In a statement of administration policy, the Office of Management and Budget said the House bill "would use the tax code to target tax increases on a specific industry in a way that will lead to higher energy costs to U.S. consumers and businesses."

In a better world, the President would say "I am vetoing this bill because politicians are about as likely to make the best energy choices for the nation as Brittany Spears is to make the best lifestyle choices for America."

In a better world, Congress would not be repealing Sec. 199 for the oil industry. They would be repealing it for everybody and lowering rates. The sponsor would say "It was a foolish mistake for us to pass Section 199, which gives special treatment to manufacturing, construction, and architects, and farmers, in the first place.
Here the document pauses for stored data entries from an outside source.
(* Let $0=x_1<\dots<x_N=1$ be a partition of $I=[0,1]$, let $\{q_n\}$ be a sequence in $(0,1]$ with $\lim q_n=1$, and let $\alpha_i$, $i\in\mathbb{N}_{N-1}$, be bounded functions on $I$ with $\|\alpha_i\|_\infty<1$. If $S=\{f_s:s\in\mathbb{N}\}\subset C[0,1]$ is dense in $C[0,1]$ (sup-norm), then \[ \bigcup_{n=1}^\infty\operatorname{span}\{\mathcal{F}^{(q_n,\alpha)}_n(f_s):s\in\mathbb{N}\} \] is also dense in $C[0,1]$.
   Context: For $q\in(0,1]$: $[k]_q=\frac{1-q^k}{1-q}$ ($q\ne1$), $[k]_1=k$, $q$-factorials, $\binom{n}{k}_q=\frac{[n]_q!}{[k]_q![n-k]_q!}$. On $[0,1]$ the quantum MKZ operator is $M_{n,q}h(x)=\prod_{j=0}^n(1-q^jx)\sum_{k\ge0}\binom{n+k}{k}_q x^k h\!\left(\frac{[k]_q}{[k+n]_q}\right)$ for $0\le x<1$, $M_{n,q}h(1)=h(1)$. Let $u_i(x)=a_ix+b_i$ be the affine maps with $u_i(0)=x_i$, $u_i(1)=x_{i+1}$, $i\in\mathbb{N}_{N-1}$. For $h\in C[0,1]$, $\mathcal{F}^{(q,\alpha)}_n(h)$ denotes the unique bounded function $G:[0,1]\to\mathbb{R}$ with $G(u_i(x))=h(u_i(x))+\alpha_i(x)(G(x)-M_{n,q}h(x))$ for all $x\in I$, $i\in\mathbb{N}_{N-1}$. *)

theory Defs
  imports "HOL-Analysis.Analysis"
begin

definition qint :: "real \<Rightarrow> nat \<Rightarrow> real" where
  "qint q k = (if q = 1 then real k else (1 - q ^ k) / (1 - q))"

definition qfact :: "real \<Rightarrow> nat \<Rightarrow> real" where
  "qfact q k = (\<Prod>j = 1..k. qint q j)"

definition qbinom :: "real \<Rightarrow> nat \<Rightarrow> nat \<Rightarrow> real" where
  "qbinom q n k = qfact q n / (qfact q k * qfact q (n - k))"
theorem lemma10:
  fixes M :: "'w measure"
    and k :: "'w \<Rightarrow> real \<Rightarrow> real \<Rightarrow> real"
    and K :: "real \<Rightarrow> real \<Rightarrow> real"
    and \<rho> :: "((real^'n) \<times> real \<times> real) measure"
  assumes "prob_space M"
    and "(\<lambda>(\<omega>, s, t). k \<omega> s t) \<in> borel_measurable (M \<Otimes>\<^sub>M (borel \<Otimes>\<^sub>M borel))"
    and "\<And>s t. AE \<omega> in M. \<bar>k \<omega> s t\<bar> \<le> 1"
    and "\<And>s t. K s t = (\<integral>\<omega>. k \<omega> s t \<partial>M)"
    and "continuous_on UNIV (\<lambda>(s, t). K s t)"
    and "pos_def_kernel K"
    and "prob_space \<rho>"
    and "sets \<rho> = sets borel"
    and "compact (measure_support \<rho>)"
    and "square_integrable \<rho> c"
    and "compact X"
    and "\<epsilon> > 0"
  shows "\<exists>c'. continuous_on (measure_support \<rho>) c' \<and>
           (\<forall>x\<in>X. \<bar>f_c \<rho> K c x - f_c \<rho> K c' x\<bar> < \<epsilon>)"
proof -
  interpret \<rho>: prob_space \<rho> by fact
  have sb: "sets \<rho> = sets borel" by fact
  have "integrable \<rho> c"
    using \<open>square_integrable \<rho> c\<close> \<rho>.square_integrable_imp_integrable
    by (auto simp: square_integrable_def)
  then obtain g where g: "continuous_on UNIV g" "bounded (range g)"
    "(\<integral>z. \<bar>c z - g z\<bar> \<partial>\<rho>) < \<epsilon>"
    using L1_approx_bounded_continuous_integrable[OF \<rho>.finite_measure_axioms sb] \<open>\<epsilon> > 0\<close>
    unfolding L1_approx_bounded_continuous_def by blast
  have "\<bar>K s t\<bar> \<le> 1" for s t
    using prob_space.abs_integral_le_const[OF assms(1,3)] assms(4) by simp
  then have "\<bar>f_c \<rho> K c x - f_c \<rho> K g x\<bar> < \<epsilon>" for x
    using f_c_diff_le_L1_dist[OF sb assms(5)] \<open>integrable \<rho> c\<close>
      integrable_bounded_continuous[OF \<rho>.finite_measure_axioms sb g(1,2)] g(3)
    by (meson order.strict_trans1)
  then show ?thesis
    using continuous_on_subset[OF g(1)] by blast
qed

end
A modern economy uses all of these in ways too complex for politicians to begin to grasp, let alone manipulate with the ham-fisted tools of the tax law."

Instead, Congress is trying to repeal Section 199 only for the oil industry while passing a passel of subsidies for their well-lobbied friends in agribusiness. Sure, Section 199 is foolish, but taking it from the oil industry in the name of energy security is, well, irrational. And the President opposes only one of the foolish parts of the plan.


THE AUDACITY OF FAVORS

If you have great hope for better tax policy from the next president, well, there's always 2012:

Sen. Barack Obama's presidential campaign has accepted $54,350 from members of a law firm that in 2006 lobbied him to introduce a tax provision for a Japanese drug company with operations in Illinois, according to public records and interviews. The government estimates the provision, which became law in December 2006, will cost the treasury $800,000.

Of course, it's not just Obama:

In 2002, Sen. Hillary Rodham Clinton introduced legislation at the request of Rienzi & Sons, a Queens, N.Y., food importer, according to company president Michael Rienzi. The provision, which became law in December 2004, required the government to refund tens of thousands of dollars in duty charged on imported tomato products, Rienzi told USA TODAY.

The story doesn't mention Senator McCain, but he's a Senator like the others, so we'll probably see more about him too.

The only real policy solution to this stuff is low rates and few exemptions. As rates come down, the incentive to lobby for exemptions goes down, and with fewer exemptions, you can lower the rates. It would also help if people realize that a tax break that goes for a narrow interest is a tax increase for everyone else. The grim reality of our present, and likely future, tax policy makes me contemplate a three-martini breakfast.